Stored data
lemma pp_eq_int_coeff: "pp q n y z = int_coeff (pp_fps q y z) n"
proof (cases "n < 0")
  case False
  then obtain m where n: "n = int m" by (metis nonneg_int_cases not_less)
  have "fps_nth (qexp_fps q y * (qexp_fps q z * qExp_fps q)) m
     = (\<Sum>a\<le>m. \<Sum>b\<le>m - a. let c = m - a - b in
          y ^ a * z ^ b * q ^ (c * (c - 1) div 2) / (qpoch q a * qpoch q b * qpoch q c))"
    by (simp add: qexp_fps_def qExp_fps_def fps_mult_nth atLeast0AtMost sum_distrib_left
        diff_diff_eq Let_def mult.assoc)
  then show ?thesis
    by (simp add: n pp_def pp_fps_def int_coeff_def)
qed (simp add: pp_def int_coeff_def)

lemma monic_seq_pp: "monic_seq (\<lambda>n. pp q n y z)"
  by (simp add: monic_seq_def pp_def qpoch_def)

lemma pp_commute: "pp q n y z = pp q n z y"
  by (simp add: pp_eq_int_coeff pp_fps_def mult.left_commute)

lemma pp_mult_q_left:
  assumes "\<forall>n::nat. n > 0 \<longrightarrow> q ^ n \<noteq> 1"
  shows "(\<lambda>n. pp q n (q * y) z) = shift_sub ((1 - q) * y) (\<lambda>n. pp q n y z)"
proof -
  have "pp_fps q (q * y) z
      = fps_dilate (1 - q) ((qexp_fps q y * (qexp_fps q z * qExp_fps q)) * (1 - fps_const y * fps_X))"
    unfolding pp_fps_def by (simp only: qexp_fps_mult_q[OF assms] mult_ac)
  also have "\<dots> = pp_fps q y z * (1 - fps_const ((1 - q) * y) * fps_X)"
    by (simp only: pp_fps_def fps_dilate_mult fps_dilate_linear)
  finally show ?thesis
    by (simp add: pp_eq_int_coeff int_coeff_mult_linear)
qed

lemma pp_mult_q_right:
  assumes "\<forall>n::nat. n > 0 \<longrightarrow> q ^ n \<noteq> 1"
  shows "(\<lambda>n. pp q n y (q * z)) = shift_sub ((1 - q) * z) (\<lambda>n. pp q n y z)"
proof -
  have swap: "(\<lambda>n. pp q n y w) = (\<lambda>n. pp q n w y)" for w
    by (rule ext) (rule pp_commute)
  show ?thesis
    by (simp only: swap[of "q * z"] swap[of z] pp_mult_q_left[OF assms])
qed

lemma pp_mult_q_both:
  assumes q0: "q \<noteq> 0" and q: "\<forall>n::nat. n > 0 \<longrightarrow> q ^ n \<noteq> 1"
  shows "(\<lambda>n. pp q n (q * y) (q * z)) = (\<lambda>n. q powi n * shift_sub (- (1 - q) / q) (\<lambda>n. pp q n y z) n)"
proof
  fix n
  have one_plus_X: "1 + fps_X = 1 - fps_const (-1) * (fps_X :: complex fps)"
    by (rule fps_ext) simp
  have "qexp_fps q (q * y) * (qexp_fps q (q * z) * qExp_fps q)
      = fps_dilate q (qexp_fps q y * (qexp_fps q z * qExp_fps q)) * (1 - fps_const (-1) * fps_X)"
    by (subst qExp_fps_functional_eq[OF q])
       (simp add: qexp_fps_scale fps_dilate_mult one_plus_X del: fps_const_neg)
  then have "pp_fps q (q * y) (q * z)
      = fps_dilate (1 - q) (fps_dilate q (qexp_fps q y * (qexp_fps q z * qExp_fps q)))
        * fps_dilate (1 - q) (1 - fps_const (-1) * fps_X)"
    unfolding pp_fps_def by (simp only: fps_dilate_mult)
  also have "\<dots> = fps_dilate q (pp_fps q y z) * (1 - fps_const ((1 - q) * - 1) * fps_X)"
    unfolding pp_fps_def fps_dilate_dilate fps_dilate_linear by (simp only: mult.commute[of "1 - q" q])
  finally have "pp q n (q * y) (q * z) = q powi n * pp q n y z + (1 - q) * (q powi (n - 1) * pp q (n - 1) y z)"
    by (simp add: pp_eq_int_coeff int_coeff_mult_linear shift_sub_def int_coeff_dilate)
       (simp add: algebra_simps)
  also have "\<dots> = q powi n * shift_sub (- (1 - q) / q) (\<lambda>n. pp q n y z) n"
    using q0 by (simp add: shift_sub_def power_int_diff field_simps)
  finally show "pp q n (q * y) (q * z) = q powi n * shift_sub (- (1 - q) / q) (\<lambda>n. pp q n y z) n" .
qed

section \<open>The bilinear relations for phi_N\<close>

lemma phi_of_nat: "phi q (int M) y z = stair_det M (\<lambda>n. pp q n y z)"
proof -
  have index: "int M - 2 * (int i + 1) + (int j + 1) + 1 = int M - 2 * int i + int j" for i j
    by simp
  have "phi q (int M) y z = phi_nat q M y z"
    by (simp add: phi_def)
  then show ?thesis
    unfolding phi_nat_def stair_det_def stair_mat_def index by simp
qed

lemma phi_reflect: "phi q (- N - 1) y z = (-1) ^ nat (N * (N + 1) div 2) * phi q N y z"
proof (cases "N \<ge> 0")
  case True
  have "(- N - 1) * (- N - 1 + 1) = N * (N + 1)" by (simp add: algebra_simps)
  with True show ?thesis by (simp add: phi_def)
next
  case False
  have "(-1 :: complex) ^ nat (N * (N + 1) div 2) * (-1) ^ nat (N * (N + 1) div 2) = 1"
    by (simp flip: power_add)
  with False show ?thesis by (simp add: phi_def)
qed

lemma phi_stair_dets:
  assumes q0: "q \<noteq> 0" and q: "\<forall>n::nat. n > 0 \<longrightarrow> q ^ n \<noteq> 1"
    and g: "g = (\<lambda>n. pp q n (y / q) (z / q))" and k: "k = (1 - q) / q"
  shows "phi q (int M) (y / q) (z / q) = stair_det M g"
    and "phi q (int M) (y / q) z = stair_det M (shift_sub (k * z) g)"
    and "phi q (int M) y (z / q) = stair_det M (shift_sub (k * y) g)"
    and "phi q (int M) y z = stair_det M (shift_sub (k * y) (shift_sub (k * z) g))"
    and "phi q (int M) y z = q ^ (M * (M + 1) div 2) * stair_det M (shift_sub (- k) g)"
    and "phi q (int M) y (q * z)
       = q ^ (M * (M + 1) div 2) * stair_det M (shift_sub (- k) (shift_sub (k * z) g))"
proof -
  have cancel: "q * (x / q) = x" "(1 - q) * (x / q) = k * x" "- (1 - q) / q = - k" for x
    unfolding k using q0 by (simp_all add: field_simps)
  have yz': "(\<lambda>n. pp q n (y / q) z) = shift_sub (k * z) g"
    using pp_mult_q_right[OF q, of "y / q" "z / q"] unfolding cancel g .
  have y'z: "(\<lambda>n. pp q n y (z / q)) = shift_sub (k * y) g"
    using pp_mult_q_left[OF q, of "y / q" "z / q"] unfolding cancel g .
  have yz: "(\<lambda>n. pp q n y z) = shift_sub (k * y) (shift_sub (k * z) g)"
    using pp_mult_q_left[OF q, of "y / q" z] unfolding cancel yz' .
  have yz_scaled: "(\<lambda>n. pp q n y z) = (\<lambda>n. q powi n * shift_sub (- k) g n)"
    using pp_mult_q_both[OF q0 q, of "y / q" "z / q"] unfolding cancel g .
  have yqz: "(\<lambda>n. pp q n y (q * z)) = (\<lambda>n. q powi n * shift_sub (- k) (shift_sub (k * z) g) n)"
    using pp_mult_q_both[OF q0 q, of "y / q" z] unfolding cancel yz' .
  show "phi q (int M) (y / q) (z / q) = stair_det M g"
    by (simp add: phi_of_nat g)
  show "phi q (int M) (y / q) z = stair_det M (shift_sub (k * z) g)"
    by (simp add: phi_of_nat yz')
  show "phi q (int M) y (z / q) = stair_det M (shift_sub (k * y) g)"
    by (simp add: phi_of_nat y'z)
  show "phi q (int M) y z = stair_det M (shift_sub (k * y) (shift_sub (k * z) g))"
    by (simp add: phi_of_nat yz)
  show "phi q (int M) y z = q ^ (M * (M + 1) div 2) * stair_det M (shift_sub (- k) g)"
    by (simp add: phi_of_nat yz_scaled stair_det_powi_scale q0)
  show "phi q (int M) y (q * z)
      = q ^ (M * (M + 1) div 2) * stair_det M (shift_sub (- k) (shift_sub (k * z) g))"
    by (simp add: phi_of_nat yqz stair_det_powi_scale q0)
qed

definition phi_relations :: "complex \<Rightarrow> int \<Rightarrow> complex \<Rightarrow> complex \<Rightarrow> bool" where
  "phi_relations q N y z \<longleftrightarrow>
     phi q (N+1) y z * phi q N (y/q) z + q powi (N+1) * z * phi q (N+1) (y/q) z * phi q N y z
       = (1 + z) * phi q (N+1) y (q*z) * phi q N (y/q) (z/q)
   \<and> q powi (-N-1) * z * phi q (N+1) y z * phi q N (y/q) z + phi q (N+1) (y/q) z * phi q N y z
       = (1 + z) * phi q (N+1) (y/q) (z/q) * phi q N y (q*z)
   \<and> z * phi q (N+1) (y/q) (z/q) * phi q N y z + y * phi q (N+1) y z * phi q N (y/q) (z/q)
       = (y + z) * phi q (N+1) y (z/q) * phi q N (y/q) z
   \<and> y * phi q (N+1) (y/q) (z/q) * phi q N y z + z * phi q (N+1) y z * phi q N (y/q) (z/q)
       = (y + z) * phi q (N+1) (y/q) z * phi q N y (z/q)"

lemma phi_relations_nonneg:
  assumes q0: "q \<noteq> 0" and q: "\<forall>n::nat. n > 0 \<longrightarrow> q ^ n \<noteq> 1"
  shows "phi_relations q (int M) y z"
proof -
  define g where "g = (\<lambda>n. pp q n (y / q) (z / q))"
  define k where "k = (1 - q) / q"
  define d where "d = q ^ (M * (M + 1) div 2)"
  have g: "monic_seq g" unfolding g_def by (rule monic_seq_pp)
  have "q \<noteq> 1" using q by force
  then have k: "k \<noteq> 0" using q0 by (simp add: k_def)
  have "Suc M * (Suc M + 1) div 2 = Suc M + M * (M + 1) div 2"
    by (simp add: algebra_simps)
  then have triangle_Suc: "q ^ (Suc M * (Suc M + 1) div 2) = q ^ Suc M * q ^ (M * (M + 1) div 2)"
    by (simp only: power_add)
  note D = phi_stair_dets[OF q0 q g_def k_def, of M, folded d_def]
  note D' = phi_stair_dets[OF q0 q g_def k_def, of "Suc M", unfolded triangle_Suc, folded d_def]
  have Suc: "int M + 1 = int (Suc M)" by simp
  have powi: "q powi int (Suc M) = q ^ Suc M" "q powi (- int M - 1) = inverse (q ^ Suc M)"
    by (simp_all add: power_int_def nat_add_distrib power_inverse)
  have cancel_powi: "inverse (q ^ Suc M) * w * (q ^ Suc M * d * A) * B = w * (d * A) * B" for w A B
    using q0 by (simp add: field_simps)
  show ?thesis
    unfolding phi_relations_def Suc powi
    apply (intro conjI)
    subgoal
      using arg_cong[where f = "\<lambda>x. q ^ Suc M * d * x",
          OF stair_det_relation_outer[OF g k, where N = M and z = z]]
      unfolding D(1,2,5) D'(2,5,6) by (simp add: algebra_simps)
    subgoal
      using arg_cong[where f = "\<lambda>x. d * x",
          OF stair_det_relation_inner[OF k, where N = M and z = z and g = g]]
      unfolding D(2,5,6) D'(1,2,5) cancel_powi by (simp add: algebra_simps)
    subgoal
      using stair_det_relation_sum[OF g k, where N = M and y = y and z = z]
      unfolding D(1,2,4) D'(1,3,4) by (simp add: algebra_simps)
    subgoal
      using stair_det_relation_sum[OF g k, where N = M and y = z and z = y]
      unfolding D(1,3,4) D'(1,2,4) by (simp add: shift_sub_commute[of "k * z"] algebra_simps)
    done
qed

lemma phi_relations_reflect:
  assumes "phi_relations q N y z"
  shows "phi_relations q (- N - 2) y z"
proof -
  define s0 :: complex where "s0 = (-1) ^ nat (N * (N + 1) div 2)"
  define s1 :: complex where "s1 = (-1) ^ nat ((N + 1) * (N + 1 + 1) div 2)"
  have shift: "- N - 2 + 1 = - N - 1" "- N - 2 = - (N + 1) - 1" "- (- N - 2) - 1 = N + 1"
    by simp_all
  have R1: "phi q (- N - 2 + 1) a b = s0 * phi q N a b" for a b
    unfolding shift(1) s0_def by (rule phi_reflect)
  have R2: "phi q (- N - 2) a b = s1 * phi q (N + 1) a b" for a b
    unfolding shift(2) s1_def by (rule phi_reflect)
  have P: "q powi (- N - 2 + 1) = q powi (- N - 1)" "q powi (- (- N - 2) - 1) = q powi (N + 1)"
    by (simp_all only: shift(1,3))
  \<comment> \<open>every term picks up the factor s0 * s1, and the identities are permuted\<close>
  note r = assms[unfolded phi_relations_def]
  show ?thesis
    unfolding phi_relations_def R1 R2 P
    apply (intro conjI)
    subgoal
      using arg_cong[where f = "\<lambda>x. s0 * s1 * x", OF r[THEN conjunct2, THEN conjunct1]]
      by (simp add: algebra_simps)
    subgoal
      using arg_cong[where f = "\<lambda>x. s0 * s1 * x", OF r[THEN conjunct1]]
      by (simp add: algebra_simps)
    subgoal
      using arg_cong[where f = "\<lambda>x. s0 * s1 * x", OF r[THEN conjunct2, THEN conjunct2, THEN conjunct2]]
      by (simp add: algebra_simps)
    subgoal
      using arg_cong[where f = "\<lambda>x. s0 * s1 * x", OF r[THEN conjunct2, THEN conjunct2, THEN conjunct1]]
      by (simp add: algebra_simps)
    done
qed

Task item »
Look above for the line that contains "qExp_fps q)) m". Starting there, transcribe every line exactly until you have copied the line that contains "by (rule fps_ext) simp".

Task result »
  have "fps_nth (qexp_fps q y * (qexp_fps q z * qExp_fps q)) m
     = (\<Sum>a\<le>m. \<Sum>b\<le>m - a. let c = m - a - b in
          y ^ a * z ^ b * q ^ (c * (c - 1) div 2) / (qpoch q a * qpoch q b * qpoch q c))"
    by (simp add: qexp_fps_def qExp_fps_def fps_mult_nth atLeast0AtMost sum_distrib_left
        diff_diff_eq Let_def mult.assoc)
  then show ?thesis
    by (simp add: n pp_def pp_fps_def int_coeff_def)
qed (simp add: pp_def int_coeff_def)

lemma monic_seq_pp: "monic_seq (\<lambda>n. pp q n y z)"
  by (simp add: monic_seq_def pp_def qpoch_def)

lemma pp_commute: "pp q n y z = pp q n z y"
  by (simp add: pp_eq_int_coeff pp_fps_def mult.left_commute)

lemma pp_mult_q_left:
  assumes "\<forall>n::nat. n > 0 \<longrightarrow> q ^ n \<noteq> 1"
  shows "(\<lambda>n. pp q n (q * y) z) = shift_sub ((1 - q) * y) (\<lambda>n. pp q n y z)"
proof -
  have "pp_fps q (q * y) z
      = fps_dilate (1 - q) ((qexp_fps q y * (qexp_fps q z * qExp_fps q)) * (1 - fps_const y * fps_X))"
    unfolding pp_fps_def by (simp only: qexp_fps_mult_q[OF assms] mult_ac)
  also have "\<dots> = pp_fps q y z * (1 - fps_const ((1 - q) * y) * fps_X)"
    by (simp only: pp_fps_def fps_dilate_mult fps_dilate_linear)
  finally show ?thesis
    by (simp add: pp_eq_int_coeff int_coeff_mult_linear)
qed

lemma pp_mult_q_right:
  assumes "\<forall>n::nat. n > 0 \<longrightarrow> q ^ n \<noteq> 1"
  shows "(\<lambda>n. pp q n y (q * z)) = shift_sub ((1 - q) * z) (\<lambda>n. pp q n y z)"
proof -
  have swap: "(\<lambda>n. pp q n y w) = (\<lambda>n. pp q n w y)" for w
    by (rule ext) (rule pp_commute)
  show ?thesis
    by (simp only: swap[of "q * z"] swap[of z] pp_mult_q_left[OF assms])
qed

lemma pp_mult_q_both:
  assumes q0: "q \<noteq> 0" and q: "\<forall>n::nat. n > 0 \<longrightarrow> q ^ n \<noteq> 1"
  shows "(\<lambda>n. pp q n (q * y) (q * z)) = (\<lambda>n. q powi n * shift_sub (- (1 - q) / q) (\<lambda>n. pp q n y z) n)"
proof
  fix n
  have one_plus_X: "1 + fps_X = 1 - fps_const (-1) * (fps_X :: complex fps)"
    by (rule fps_ext) simp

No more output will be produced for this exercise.